Learn Africa and Berger Paints were the best performing stocks after gaining 9.62% and 7.44% respectively, closing at N1.14 and N6.50per share on improved Q1 earnings and market forces. On the flip side, Royal Exchange Assurance and NEM Insurance lost 10% and 9.78% respectively, closing at N0.27 and N2.03 respectively on market forces and profit taking.

Market Outlook

We expect pullbacks and repositioning ahead of Access Bank’s qualification date and Thursday’s markdown of Zenith Bank’s price for the interim dividend declared by its directors, given that the August inflation data came worse than expected at 13.22% to deepen the negative returns of many investment windows. Recall that banks have kept the market above its 50-day moving average on a daily time frame, which is equally at overbought zone in the short term.

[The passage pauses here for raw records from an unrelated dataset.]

lemma sphere_net_point:
  assumes x: "x \<in> unit_sphere d" and "d \<ge> 1" "0 < \<delta>" "\<delta> \<le> 1"
  defines "z \<equiv> map (\<lambda>v. round (sqrt d / \<delta> * v)) x"
  shows "normalize_list (map of_int z) \<in> unit_sphere d"
    and "euclid_dist d x (normalize_list (map of_int z)) \<le> \<delta>"
    and "z \<in> bounded_int_lists d (nat \<lfloor>d / \<delta> + d\<rfloor>)"
proof -
  define N where "N = sqrt d / \<delta>"
  define r where "r = (\<lambda>i. real_of_int (z!i))"
  have "length x = d" and x1: "L2_set (\<lambda>i. x!i) {..<d} = 1" using unit_sphereD[OF x] by auto
  then have lz: "length z = d" and r: "\<And>i. i < d \<Longrightarrow> r i = of_int (round (N * x!i))"
    by (auto simp: z_def r_def N_def)
  have "0 < N" using assms by (simp add: N_def)
  have "L2_set (\<lambda>i. x!i - r i / N) {..<d} = L2_set (\<lambda>i. x!i - of_int (round (N * x!i)) / N) {..<d}"
    by (rule L2_set_cong) (simp_all add: r)
  also have "\<dots> \<le> \<delta> / 2"
    using L2_set_round_error[OF \<open>0 < N\<close>, of "\<lambda>i. x!i" "{..<d}"] assms by (simp add: N_def)
  finally have close: "L2_set (\<lambda>i. x!i - r i / N) {..<d} \<le> \<delta> / 2" .
  have "\<delta> / 2 < 1" using \<open>\<delta> \<le> 1\<close> by simp
  note normalized = L2_set_normalize_close[OF x1 \<open>0 < N\<close> close this]
  have L2r: "L2_set (\<lambda>i. map of_int z ! i) {..<d} = L2_set r {..<d}"
    by (rule L2_set_cong) (simp_all add: lz r_def)
  then have entries: "\<And>i. i < d \<Longrightarrow> normalize_list (map of_int z) ! i = r i / L2_set r {..<d}"
    by (simp add: normalize_list_def lz r_def)
  show "normalize_list (map of_int z) \<in> unit_sphere d"
    using normalized(1) L2r lz by (intro normalize_list_in_unit_sphere) simp_all
  have "euclid_dist d x (normalize_list (map of_int z)) = L2_set (\<lambda>i. x!i - r i / L2_set r {..<d}) {..<d}"
    unfolding euclid_dist_def by (rule L2_set_cong) (simp_all add: entries)
  then show "euclid_dist d x (normalize_list (map of_int z)) \<le> \<delta>"
    using normalized(2) by simp
  have "real (\<Sum>i<d. nat \<bar>z!i\<bar>) = (\<Sum>i<d. \<bar>of_int (round (N * x!i))\<bar>)"
    by (simp add: r_def flip: r)
  also have "\<dots> \<le> N * sqrt d + d / 2"
    using sum_abs_round_le[OF \<open>0 < N\<close> x1] by simp
  also have "\<dots> \<le> d / \<delta> + d" by (simp add: N_def)
  finally have "(\<Sum>i<d. nat \<bar>z!i\<bar>) \<le> nat \<lfloor>d / \<delta> + d\<rfloor>" by (rule le_nat_floor)
  then show "z \<in> bounded_int_lists d (nat \<lfloor>d / \<delta> + d\<rfloor>)"
    unfolding bounded_int_lists_def using lz by simp
qed
definition vec_angle :: "'a::euclidean_space \<Rightarrow> 'a \<Rightarrow> real" where
  "vec_angle v w = (if v = 0 \<or> w = 0 then pi / 2
                    else arccos ((v \<bullet> w) / (norm v * norm w)))"

definition is_jplane :: "nat \<Rightarrow> 'a::euclidean_space set \<Rightarrow> bool" where
  "is_jplane j L \<longleftrightarrow> affine L \<and> aff_dim L = int j"

definition plane_angle :: "'a::euclidean_space \<Rightarrow> 'a set \<Rightarrow> real" where
  "plane_angle v L = (if v = 0 then 0
     else (INF w \<in> {x - y | x y. x \<in> L \<and> y \<in> L}. vec_angle v w))"

definition flat_at :: "'a::euclidean_space set \<Rightarrow> 'a \<Rightarrow> nat \<Rightarrow> real \<Rightarrow> bool" where
  "flat_at S p j \<alpha> \<longleftrightarrow>
     (\<exists>L. is_jplane j L \<and> (\<forall>q\<in>S. plane_angle (p - q) L \<le> \<alpha>))"

end

theory Submission
  imports Defs
begin

text \<open>Split a vector \<open>v = y + z\<close> with \<open>y\<close> in the direction space of the plane \<open>L\<close> and \<open>z\<close>
  orthogonal to it. The angle \<open>\<theta>\<close> between \<open>v\<close> and \<open>L\<close> is attained at \<open>y\<close>, so
  \<open>|z| = sin \<theta> |v|\<close>. Flatness at \<open>p\<close> thus makes the orthogonal parts of \<open>p - q\<close> and
  \<open>p - r\<close> at most \<open>\<alpha> K |q - r|\<close>, and as \<open>q - r = (p - r) - (p - q)\<close>, the orthogonal part of
  \<open>q - r\<close> is at most \<open>2 K \<alpha> |q - r| \<le> sin (20 sqrt (K \<alpha>)) |q - r|\<close>. When
  \<open>20 sqrt (K \<alpha>) \<ge> \<pi>/2\<close> there is nothing to prove, since no angle with a plane exceeds \<open>\<pi>/2\<close>.\<close>

definition directions :: "'a::real_vector set \<Rightarrow> 'a set" where
  "directions L = {x - y | x y. x \<in> L \<and> y \<in> L}"

lemma plane_angle_directions:
  "plane_angle v L = (if v = 0 then 0 else INF w \<in> directions L. vec_angle v w)"
  by (simp add: plane_angle_def directions_def)

lemma directions_eq_translation:
  assumes "affine L" "a \<in> L"
  shows "directions L = (\<lambda>x. x - a) ` L"
proof
  show "directions L \<subseteq> (\<lambda>x. x - a) ` L"
  proof
    fix u assume "u \<in> directions L"
    then obtain x y where xy: "x \<in> L" "y \<in> L" "u = x - y"
      by (auto simp: directions_def)
    have "a + 1 *\<^sub>R (x - y) \<in> L"
      using mem_affine_3_minus[OF assms xy(1,2)] .
    then show "u \<in> (\<lambda>x. x - a) ` L"
      by (rule rev_image_eqI) (simp add: xy(3))
  qed
  show "(\<lambda>x. x - a) ` L \<subseteq> directions L"
    using assms(2) by (auto simp: directions_def)
qed

lemma subspace_directions:
  assumes "affine L" "L \<noteq> {}"
  shows "subspace (directions L)"
  using assms directions_eq_translation affine_diffs_subspace_subtract by fastforce

lemma subspace_orthogonal_decomposition:
  fixes v :: "'a::euclidean_space"
  assumes "subspace D"
  obtains y z where "y \<in> D" "\<And>w. w \<in> D \<Longrightarrow> orthogonal z w" "v = y + z"
  using orthogonal_subspace_decomp_exists[of D v] assms by (metis span_eq_iff)

lemma abs_inner_div_norms_le_1:
  fixes v w :: "'a::real_inner"
  shows "\<bar>(v \<bullet> w) / (norm v * norm w)\<bar> \<le> 1"
proof (cases "v = 0 \<or> w = 0")
  case False
  then show ?thesis
    using Cauchy_Schwarz_ineq2[of v w] by (simp add: abs_div divide_le_eq_1)
qed auto

lemma vec_angle_nonneg: "0 \<le> vec_angle v w"
  using abs_inner_div_norms_le_1[of v w] unfolding vec_angle_def abs_le_iff
  by (auto intro!: arccos_lbound)

lemma plane_angle_nonneg:
  assumes "L \<noteq> {}"
  shows "0 \<le> plane_angle v L"
proof -
  have "directions L \<noteq> {}"
    using assms by (auto simp: directions_def)
  then show ?thesis
    using vec_angle_nonneg by (auto simp: plane_angle_directions intro!: cINF_greatest)
qed

lemma plane_angle_le_pi2:
  assumes "L \<noteq> {}"
  shows "plane_angle v L \<le> pi / 2"
proof (cases "v = 0")
  case False
  from assms obtain a where "a \<in> L" by blast
  then have "0 \<in> directions L"
    by (force simp: directions_def)
  moreover have "bdd_below ((\<lambda>w. vec_angle v w) ` directions L)"
    using vec_angle_nonneg by (intro bdd_belowI[where m = 0]) auto
  ultimately show ?thesis
    using False cINF_lower[of "\<lambda>w. vec_angle v w" "directions L" 0]
    by (simp add: plane_angle_directions vec_angle_def)
qed (simp add: plane_angle_def)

The mixed intraday movement is likely to persist as the month of September progresses in the midst of profit booking, mismatch of economic policies and negative macroeconomic indices. This is also against the backdrop of the fact that the capital wave in the financial market may persist in the midst of relatively low-interest rates in the money market, high inflation, negative Q2 GDP of 6.1% and unstable economic outlook for the rest of 2020 as government and its economic managers are going front and back with mismatch polices and implementation.

Also, investors and traders are positioning amidst the changing sentiments in the hope of improved liquidity and positive economic indices which may reverse the current trend.

We see investors focusing on portfolio adjustment and rebalancing by targeting companies with strong potentials to grow their Q3 earnings and dividend on the strength of their earnings capacity as the year last quarter is at the corner.

Again, the current undervalue state of the market offers investors opportunities to position for the short, medium and long-term, which is why investors should target fundamentally sound, and dividend-paying stocks for possible capital appreciation for the rest of the year.